▶ The problem
Word for word, return the entries listed below.
┄┄┄┄┄┄┄┄┄┄
(* In the multilevel setting, assume (P1) and (P2). Then the multilevel iteration sequence $\{x^k\}$ is bounded.
   Context: Multilevel setting. For $i=0,\dots,N$ let $f_i:\mathbb R^n\to\mathbb R$ be convex and continuously differentiable with $L_{f_i}$-Lipschitz gradient and $g_i:\mathbb R^n\to(-\infty,+\infty]$ proper, lower semicontinuous and convex; $\phi_i=f_i+g_i$. Set $X_0^*=\mathbb R^n$ and $X_{i+1}^*=\arg\min_{x\in X_i^*}\phi_i(x)$. Let $\omega:\mathbb R^n\to\mathbb R$ be $\mu$-strongly convex, continuously differentiable with $L_\omega$-Lipschitz gradient, and $S(x)=T_0(x)=x-u\nabla\omega(x)$ with $u\in(0,\tfrac2{L_\omega+\mu}]$, a contraction with constant $r=\sqrt{1-\tfrac{2u\mu L_\omega}{\mu+L_\omega}}\in[0,1)$. For $i=1,\dots,N$ let $T_i(x)=\mathrm{prox}_{t_{i-1}g_{i-1}}(x-t_{i-1}\nabla f_{i-1}(x))$ with $t_{i-1}\in(0,1/L_{f_{i-1}}]$, where $\mathrm{prox}_g(x)=\arg\min_u\{g(u)+\frac12\|u-x\|^2\}$; these are nonexpansive and $\mathrm{Fix}(T_1)=X_1^*$, assumed nonempty. Given $x^0$ and weights $\alpha_k^{(0)},\dots,\alpha_k^{(N)}$, the multilevel iteration is $x^{k+1}=\sum_{i=0}^N\alpha_k^{(i)}T_i(x^k)$. (P1): $\alpha_k^{(i)}\ge0$, $\alpha_k^{(0)}<1$, and $\sum_{i=0}^N\alpha_k^{(i)}=1$ for all $k$. (P2): $\alpha_k^{(0)}\to0$, $\sum_k\alpha_k^{(0)}=\infty$, and $\delta^*:=\limsup_{k\to\infty}\frac1{\alpha_k^{(0)}}\sum_{i=2}^N\alpha_k^{(i)}\in[0,+\infty)$. *)

theory Defs
  imports "HOL-Analysis.Analysis"
begin

definition proper_fun :: "('a \<Rightarrow> ereal) \<Rightarrow> bool" where
  "proper_fun g \<longleftrightarrow> (\<forall>x. g x \<noteq> -\<infinity>) \<and> (\<exists>x. g x \<noteq> \<infinity>)"

definition lsc_fun :: "('a::topological_space \<Rightarrow> ereal) \<Rightarrow> bool" where
  "lsc_fun g \<longleftrightarrow> (\<forall>c::real. closed {x. g x \<le> ereal c})"

definition ereal_convex_fun :: "('a::real_vector \<Rightarrow> ereal) \<Rightarrow> bool" where
  "ereal_convex_fun g \<longleftrightarrow>
     (\<forall>x y. \<forall>\<theta>::real. 0 \<le> \<theta> \<and> \<theta> \<le> 1 \<longrightarrow>
        g ((1 - \<theta>) *\<^sub>R x + \<theta> *\<^sub>R y) \<le> ereal (1 - \<theta>) * g x + ereal \<theta> * g y)"

definition prox :: "('a::real_normed_vector \<Rightarrow> ereal) \<Rightarrow> 'a \<Rightarrow> 'a" where
  "prox g x = (SOME p. \<forall>u. g p + ereal (1/2 * (norm (p - x))\<^sup>2) \<le> g u + ereal (1/2 * (norm (u - x))\<^sup>2))"

definition phi :: "(nat \<Rightarrow> 'a \<Rightarrow> real) \<Rightarrow> (nat \<Rightarrow> 'a \<Rightarrow> ereal) \<Rightarrow> nat \<Rightarrow> 'a \<Rightarrow> ereal" where
  "phi f g i x = ereal (f i x) + g i x"

fun Xstar :: "(nat \<Rightarrow> 'a \<Rightarrow> real) \<Rightarrow> (nat \<Rightarrow> 'a \<Rightarrow> ereal) \<Rightarrow> nat \<Rightarrow> 'a set" where
  "Xstar f g 0 = UNIV"
| "Xstar f g (Suc i) = {x \<in> Xstar f g i. \<forall>y \<in> Xstar f g i. phi f g i x \<le> phi f g i y}"

definition Top :: "('a::real_normed_vector \<Rightarrow> 'a) \<Rightarrow> real \<Rightarrow> (nat \<Rightarrow> 'a \<Rightarrow> 'a) \<Rightarrow>
     (nat \<Rightarrow> 'a \<Rightarrow> ereal) \<Rightarrow> (nat \<Rightarrow> real) \<Rightarrow> nat \<Rightarrow> 'a \<Rightarrow> 'a" where
  "Top gw u gf g t i x =
     (if i = 0 then x - u *\<^sub>R gw x
      else prox (\<lambda>v. ereal (t (i - 1)) * g (i - 1) v) (x - t (i - 1) *\<^sub>R gf (i - 1) x))"

end

theory Submission
  imports Defs
begin

text \<open>Fix a point p of X_1^* = Fix T_1 and write a_k^(i) for alpha_k^(i). The step T_0 = S is a
  contraction with constant r < 1, because strong convexity makes the gradient of
  omega - mu/2 |.|^2 cocoercive. Each T_i with i \<ge> 1 is a forward-backward step and hence
  nonexpansive: the gradient step by the cocoercivity of a Lipschitz gradient (Baillon-Haddad),
  the proximal map by its variational inequality. Comparing every T_i x^k with p gives
  |x^(k+1) - p| \<le> (1 - a_k^(0) (1 - r)) |x^k - p| + a_k^(0) |S p - p| + C (a_k^(2) + ... + a_k^(N)).
  Since delta^* < \<infinity>, the last sum is eventually at most B a_k^(0), so |x^(k+1) - p| is
  eventually a convex combination of |x^k - p| and (|S p - p| + C B) / (1 - r), and the distances
  stay bounded.\<close>

section \<open>Smooth convex functions and gradient steps\<close>

lemma has_real_derivative_along_line:
  fixes f :: "'a::real_inner \<Rightarrow> real"
  assumes "(f has_derivative (\<lambda>h. G \<bullet> h)) (at (x + s *\<^sub>R v))"
  shows "((\<lambda>s. f (x + s *\<^sub>R v)) has_real_derivative G \<bullet> v) (at s)"
proof -
  have "((\<lambda>s. x + s *\<^sub>R v) has_derivative (\<lambda>s. s *\<^sub>R v)) (at s)"
    by (auto intro!: derivative_eq_intros)
  from has_derivative_compose[OF this assms]
  have "((\<lambda>s. f (x + s *\<^sub>R v)) has_derivative (\<lambda>r. G \<bullet> (r *\<^sub>R v))) (at s)"
    by (simp add: o_def)
  moreover have "(\<lambda>r. G \<bullet> (r *\<^sub>R v)) = (*) (G \<bullet> v)"
    by (auto simp: fun_eq_iff)
  ultimately show ?thesis
    by (simp add: has_field_derivative_def)
qed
┄┄┄┄┄┄┄┄┄┄
▶ Written solution
(* In the multilevel setting, assume (P1) and (P2). Then the multilevel iteration sequence $\{x^k\}$ is bounded.
   Context: Multilevel setting. For $i=0,\dots,N$ let $f_i:\mathbb R^n\to\mathbb R$ be convex and continuously differentiable with $L_{f_i}$-Lipschitz gradient and $g_i:\mathbb R^n\to(-\infty,+\infty]$ proper, lower semicontinuous and convex; $\phi_i=f_i+g_i$. Set $X_0^*=\mathbb R^n$ and $X_{i+1}^*=\arg\min_{x\in X_i^*}\phi_i(x)$. Let $\omega:\mathbb R^n\to\mathbb R$ be $\mu$-strongly convex, continuously differentiable with $L_\omega$-Lipschitz gradient, and $S(x)=T_0(x)=x-u\nabla\omega(x)$ with $u\in(0,\tfrac2{L_\omega+\mu}]$, a contraction with constant $r=\sqrt{1-\tfrac{2u\mu L_\omega}{\mu+L_\omega}}\in[0,1)$. For $i=1,\dots,N$ let $T_i(x)=\mathrm{prox}_{t_{i-1}g_{i-1}}(x-t_{i-1}\nabla f_{i-1}(x))$ with $t_{i-1}\in(0,1/L_{f_{i-1}}]$, where $\mathrm{prox}_g(x)=\arg\min_u\{g(u)+\frac12\|u-x\|^2\}$; these are nonexpansive and $\mathrm{Fix}(T_1)=X_1^*$, assumed nonempty. Given $x^0$ and weights $\alpha_k^{(0)},\dots,\alpha_k^{(N)}$, the multilevel iteration is $x^{k+1}=\sum_{i=0}^N\alpha_k^{(i)}T_i(x^k)$. (P1): $\alpha_k^{(i)}\ge0$, $\alpha_k^{(0)}<1$, and $\sum_{i=0}^N\alpha_k^{(i)}=1$ for all $k$. (P2): $\alpha_k^{(0)}\to0$, $\sum_k\alpha_k^{(0)}=\infty$, and $\delta^*:=\limsup_{k\to\infty}\frac1{\alpha_k^{(0)}}\sum_{i=2}^N\alpha_k^{(i)}\in[0,+\infty)$. *)

theory Defs
  imports "HOL-Analysis.Analysis"
begin

definition proper_fun :: "('a \<Rightarrow> ereal) \<Rightarrow> bool" where
  "proper_fun g \<longleftrightarrow> (\<forall>x. g x \<noteq> -\<infinity>) \<and> (\<exists>x. g x \<noteq> \<infinity>)"

definition lsc_fun :: "('a::topological_space \<Rightarrow> ereal) \<Rightarrow> bool" where
  "lsc_fun g \<longleftrightarrow> (\<forall>c::real. closed {x. g x \<le> ereal c})"

definition ereal_convex_fun :: "('a::real_vector \<Rightarrow> ereal) \<Rightarrow> bool" where
  "ereal_convex_fun g \<longleftrightarrow>
     (\<forall>x y. \<forall>\<theta>::real. 0 \<le> \<theta> \<and> \<theta> \<le> 1 \<longrightarrow>
        g ((1 - \<theta>) *\<^sub>R x + \<theta> *\<^sub>R y) \<le> ereal (1 - \<theta>) * g x + ereal \<theta> * g y)"

definition prox :: "('a::real_normed_vector \<Rightarrow> ereal) \<Rightarrow> 'a \<Rightarrow> 'a" where
  "prox g x = (SOME p. \<forall>u. g p + ereal (1/2 * (norm (p - x))\<^sup>2) \<le> g u + ereal (1/2 * (norm (u - x))\<^sup>2))"

definition phi :: "(nat \<Rightarrow> 'a \<Rightarrow> real) \<Rightarrow> (nat \<Rightarrow> 'a \<Rightarrow> ereal) \<Rightarrow> nat \<Rightarrow> 'a \<Rightarrow> ereal" where
  "phi f g i x = ereal (f i x) + g i x"

fun Xstar :: "(nat \<Rightarrow> 'a \<Rightarrow> real) \<Rightarrow> (nat \<Rightarrow> 'a \<Rightarrow> ereal) \<Rightarrow> nat \<Rightarrow> 'a set" where
  "Xstar f g 0 = UNIV"
| "Xstar f g (Suc i) = {x \<in> Xstar f g i. \<forall>y \<in> Xstar f g i. phi f g i x \<le> phi f g i y}"

definition Top :: "('a::real_normed_vector \<Rightarrow> 'a) \<Rightarrow> real \<Rightarrow> (nat \<Rightarrow> 'a \<Rightarrow> 'a) \<Rightarrow>
     (nat \<Rightarrow> 'a \<Rightarrow> ereal) \<Rightarrow> (nat \<Rightarrow> real) \<Rightarrow> nat \<Rightarrow> 'a \<Rightarrow> 'a" where
  "Top gw u gf g t i x =
     (if i = 0 then x - u *\<^sub>R gw x
      else prox (\<lambda>v. ereal (t (i - 1)) * g (i - 1) v) (x - t (i - 1) *\<^sub>R gf (i - 1) x))"

end

theory Submission
  imports Defs
begin

text \<open>Fix a point p of X_1^* = Fix T_1 and write a_k^(i) for alpha_k^(i). The step T_0 = S is a
  contraction with constant r < 1, because strong convexity makes the gradient of
  omega - mu/2 |.|^2 cocoercive. Each T_i with i \<ge> 1 is a forward-backward step and hence
  nonexpansive: the gradient step by the cocoercivity of a Lipschitz gradient (Baillon-Haddad),
  the proximal map by its variational inequality. Comparing every T_i x^k with p gives
  |x^(k+1) - p| \<le> (1 - a_k^(0) (1 - r)) |x^k - p| + a_k^(0) |S p - p| + C (a_k^(2) + ... + a_k^(N)).
  Since delta^* < \<infinity>, the last sum is eventually at most B a_k^(0), so |x^(k+1) - p| is
  eventually a convex combination of |x^k - p| and (|S p - p| + C B) / (1 - r), and the distances
  stay bounded.\<close>

section \<open>Smooth convex functions and gradient steps\<close>

lemma has_real_derivative_along_line:
  fixes f :: "'a::real_inner \<Rightarrow> real"
  assumes "(f has_derivative (\<lambda>h. G \<bullet> h)) (at (x + s *\<^sub>R v))"
  shows "((\<lambda>s. f (x + s *\<^sub>R v)) has_real_derivative G \<bullet> v) (at s)"
proof -
  have "((\<lambda>s. x + s *\<^sub>R v) has_derivative (\<lambda>s. s *\<^sub>R v)) (at s)"
    by (auto intro!: derivative_eq_intros)
  from has_derivative_compose[OF this assms]
  have "((\<lambda>s. f (x + s *\<^sub>R v)) has_derivative (\<lambda>r. G \<bullet> (r *\<^sub>R v))) (at s)"
    by (simp add: o_def)
  moreover have "(\<lambda>r. G \<bullet> (r *\<^sub>R v)) = (*) (G \<bullet> v)"
    by (auto simp: fun_eq_iff)
  ultimately show ?thesis
    by (simp add: has_field_derivative_def)
qed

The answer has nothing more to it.